È balzato agli onori delle cronache politiche per i suoi rapporti d’affari con la famiglia del ministro Guidi raccontati dettagliatamente nelle scorse settimane da L’Espresso. È stato tirato in ballo dal mensile La Voce delle Voci assieme al suo socio, l’ex numero uno di Lehman Brothers in Europa Ruggero Magnoni, nella vicenda della scalata di Lactalis a Parmalat. E ora emerge che Vincenzo Manes, generoso finanziatore del presidente del consiglio Matteo Renzi, ha un altro grattacapo: una causa mossagli da dieci soci di minoranza di Intek Group, azienda quotata in Borsa di cui l’imprenditore è presidente e che di fatto è controllata da quest’ultimo e Magnoni attraverso la Quattroduedue Holding, una holding con sede in Olanda e propaggini alle Isole Bermuda.
Nelle scorse settimane al tribunale di Firenze si è tenuta la prima udienza. I piccoli azionisti, assistiti da un pool di avvocati composto da Marco Weigmann, Fabrizio Benintendi, Enrico Maggiora e Sandra Saponaro, contestano la legittimità di una serie di operazioni finanziarie succedutesi in rapida sequenza, che hanno portato alla concentrazione, sotto un’unica holding-capogruppo, KME Group spa (il maggior produttore mondiale di rame e leghe di rame) e Intek spa (società di partecipazioni finanziarie). Come emerge dall’atto di citazione che Ilfattoquotidiano.it ha potuto visionare, i soci di minoranza imputano in particolare al vertice di Intek Group la responsabilità di aver utilizzato una serie di strumenti finanziari tesi ad “incentrare su di sé la totalità delle azioni aventi diritto al voto, estromettendone tutti gli altri azionisti votanti”. Ciò peraltro senza passare per il lancio di un’Offerta pubblica di acquisto (Opa). Di qui la conseguente contestazione secondo cui “la prospettiva di aggregare Intek ad una realtà squisitamente industriale (KME, ndr) – si legge nell’atto di citazione – appare […] illogica, contraria al buon senso […] con l’unica finalità di incrementare la quota percentuale detenuta dal socio di maggioranza”.

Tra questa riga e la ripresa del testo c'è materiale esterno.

(* Let $\mu,\nu\in\mathbb{R}$. Identify $\mathbb{R}[[\tau]]$ with $\mathbb{R}[[\sigma]]$ via $\tau\mapsto\sigma$. Then the assignment $$H\mapsto P,\quad P\mapsto H,\quad K\mapsto K,\quad D\mapsto D,\quad C_1\mapsto -C_2,\quad C_2\mapsto -C_1$$ extends to an isomorphism of algebras $U_\tau(so_{\mu,\nu}(2,2))\to U_\sigma(so_{\nu,\mu}(2,2))$ which intertwines the coproducts, i.e. an isomorphism of bialgebras.
   Context: For real parameters $a,b$: $U_\tau(so_{a,b}(2,2))$ is the $\tau$-adically completed algebra over $\mathbb{R}[[\tau]]$ generated by $H,P,K,D,C_1,C_2$ with relations $[K,H]=b e^{-\tau H}P$, $[K,P]=a\frac{e^{\tau H}-1}{\tau}$, $[H,P]=0$, $[K,D]=0$, $[D,H]=\frac{1-e^{-\tau H}}{\tau}$, $[D,C_1]=-C_1+\tau b D^2$, $[H,C_1]=-2bD$, $[D,P]=P$, $[D,C_2]=-C_2$, $[P,C_2]=2aD$, $[K,C_1]=bC_2$, $[K,C_2]=aC_1-\tau abD^2$, $[H,C_2]=e^{-\tau H}K+Ke^{-\tau H}$, $[P,C_1]=-2K-\tau b(DP+PD)$, $[C_1,C_2]=-\tau b(DC_2+C_2D)$, and coproduct $\Delta(H)=1\otimes H+H\otimes 1$, $\Delta(D)=1\otimes D+D\otimes e^{-\tau H}$, $\Delta(P)=1\otimes P+P\otimes e^{\tau H}$, $\Delta(C_1)=1\otimes C_1+C_1\otimes e^{-\tau H}$, $\Delta(K)=1\otimes K+K\otimes 1-\tau bD\otimes e^{-\tau H}P$, $\Delta(C_2)=1\otimes C_2+C_2\otimes e^{-\tau H}+2\tau D\otimes e^{-\tau H}K-\tau^2b(D^2+D)\otimes e^{-2\tau H}P$. $U_\sigma(so_{a,b}(2,2))$ is the $\sigma$-adically completed algebra over $\mathbb{R}[[\sigma]]$ generated by $H,P,K,D,C_1,C_2$ with relations $[K,H]=b\frac{e^{\sigma P}-1}{\sigma}$, $[K,P]=ae^{-\sigma P}H$, $[H,P]=0$, $[K,D]=0$, $[D,H]=H$, $[D,C_1]=-C_1$, $[H,C_1]=-2bD$, $[D,P]=\frac{1-e^{-\sigma P}}{\sigma}$, $[D,C_2]=-C_2-\sigma aD^2$, $[P,C_2]=2aD$, $[K,C_1]=bC_2+\sigma abD^2$, $[K,C_2]=aC_1$, $[P,C_1]=-e^{-\sigma P}K-Ke^{-\sigma P}$, $[H,C_2]=2K+\sigma a(DH+HD)$, $[C_1,C_2]=-\sigma a(DC_1+C_1D)$, and coproduct $\Delta(P)=1\otimes P+P\otimes 1$, $\Delta(D)=1\otimes D+D\otimes e^{-\sigma P}$, $\Delta(H)=1\otimes H+H\otimes e^{\sigma P}$, $\Delta(C_2)=1\otimes C_2+C_2\otimes e^{-\sigma P}$, $\Delta(K)=1\otimes K+K\otimes 1-\sigma aD\otimes e^{-\sigma P}H$, $\Delta(C_1)=1\otimes C_1+C_1\otimes e^{-\sigma P}-2\sigma D\otimes e^{-\sigma P}K+\sigma^2a(D^2+D)\otimes e^{-2\sigma P}H$. *)

theory Defs
  imports Complex_Main
begin

datatype gen = Hg | Pg | Kg | Dg | C1g | C2g

text \<open>An element is written as a formal sum over n and words w of coefficients
  F n w times t^n w, where t is the central formal parameter (tau resp. sigma, identified).
  The tau-adic completion of the free R[[t]]-algebra consists of those F such that for
  each n only finitely many words have nonzero coefficient.\<close>

type_synonym ncps = "nat \<Rightarrow> gen list \<Rightarrow> real"

definition Alg :: "ncps set" where
  "Alg = {F. \<forall>n. finite {w. F n w \<noteq> 0}}"

definition pzero :: ncps where "pzero = (\<lambda>n w. 0)"
definition pone :: ncps where "pone = (\<lambda>n w. if n = 0 \<and> w = [] then 1 else 0)"
definition padd :: "ncps \<Rightarrow> ncps \<Rightarrow> ncps" where "padd F G = (\<lambda>n w. F n w + G n w)"
definition psub :: "ncps \<Rightarrow> ncps \<Rightarrow> ncps" where "psub F G = (\<lambda>n w. F n w - G n w)"
definition pscal :: "real \<Rightarrow> ncps \<Rightarrow> ncps" where "pscal c F = (\<lambda>n w. c * F n w)"
definition pmul :: "ncps \<Rightarrow> ncps \<Rightarrow> ncps" where
  "pmul F G = (\<lambda>n w. \<Sum>i\<le>n. \<Sum>k\<le>length w. F i (take k w) * G (n - i) (drop k w))"

definition pgen :: "gen \<Rightarrow> ncps" where "pgen g = (\<lambda>n w. if n = 0 \<and> w = [g] then 1 else 0)"
definition ptau :: ncps where "ptau = (\<lambda>n w. if n = 1 \<and> w = [] then 1 else 0)"

text \<open>pexp c g is the series exp(c t g) = sum_n (c t g)^n / n!.\<close>
definition pexp :: "real \<Rightarrow> gen \<Rightarrow> ncps" where
  "pexp c g = (\<lambda>n w. if w = replicate n g then c ^ n / fact n else 0)"

text \<open>Division by t of an element whose t^0-part vanishes.\<close>
definition pdivt :: "ncps \<Rightarrow> ncps" where "pdivt F = (\<lambda>n w. F (Suc n) w)"

definition pcomm :: "ncps \<Rightarrow> ncps \<Rightarrow> ncps" where "pcomm X Y = psub (pmul X Y) (pmul Y X)"

inductive_set ideal_span :: "ncps set \<Rightarrow> ncps set" for R where
  zero: "pzero \<in> ideal_span R"
| step: "\<lbrakk>a \<in> Alg; r \<in> R; b \<in> Alg; F \<in> ideal_span R\<rbrakk>
          \<Longrightarrow> padd (pmul (pmul a r) b) F \<in> ideal_span R"

definition tclosure :: "ncps set \<Rightarrow> ncps set" where
  "tclosure S = {F \<in> Alg. \<forall>N. \<exists>G\<in>S. \<forall>n<N. \<forall>w. F n w = G n w}"

definition relideal :: "ncps set \<Rightarrow> ncps set" where
  "relideal R = tclosure (ideal_span R)"

definition congr :: "ncps set \<Rightarrow> (ncps \<times> ncps) set" where
  "congr R = {(x, y). x \<in> Alg \<and> y \<in> Alg \<and> psub x y \<in> relideal R}"

definition presented :: "ncps set \<Rightarrow> ncps set set" where
  "presented R = Alg // congr R"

Il quale dal canto suo manifesta assoluta serenità rispetto alle accuse. “La causa promossa è minimale e non ha alcun fondamento da un punto di vista legale, come verrà dimostrato in tribunale”, è stato uno dei commenti in merito alla vicenda che Manes ha rilasciato a Ilfattoquotidiano.it. Va pur detto che il complesso di operazioni messe in campo e culminate nella incorporazione di Intek in Kme vengono peraltro presentate nel bilancio 2012 come la via per mirare alla “valorizzazione dinamica dei singoli asset […] con una focalizzazione accentuata sulla loro capacità di generazione di cassa o su quella di accrescimento del valore azionario“. Le operazioni però hanno avuto effetto più sugli assetti proprietari che sulle performance gestionali e di Borsa. Manes e Magnoni, con la Quattroduedue, hanno accresciuto il controllo sul gruppo, mentre i valori azionari di Intek sono rimasti al palo. Senza contare che negli ultimi sei anni i titoli dei concorrenti della capogruppo KME, come Mueller Industries Inc. e Aurubis AG, hanno guadagnano fino al 350%, mentre le quotazioni di Intek, nel medesimo periodo, hanno perso attorno al 60 per cento.
Anche perché da soli gli esercizi 2011 e 2012 hanno portato al gruppo perdite complessive per 94 milioni. Il 2013 sembra proseguire su questa strada: i conti al 30 settembre già evidenziavano un rosso di 17 milioni. Da qui il dito dei dieci azionisti di minoranza puntato sulle “oggettive e concrete negatività insite nell’operazione medesima (la fusione tra KME e Intek, ndr) “. Sulla cui legittimità in ogni caso, l’ultima parola spetterà ai giudici di Firenze, attraverso un iter processuale che riprenderà il prossimo 5 giugno e che si preannuncia lungo e molto combattuto.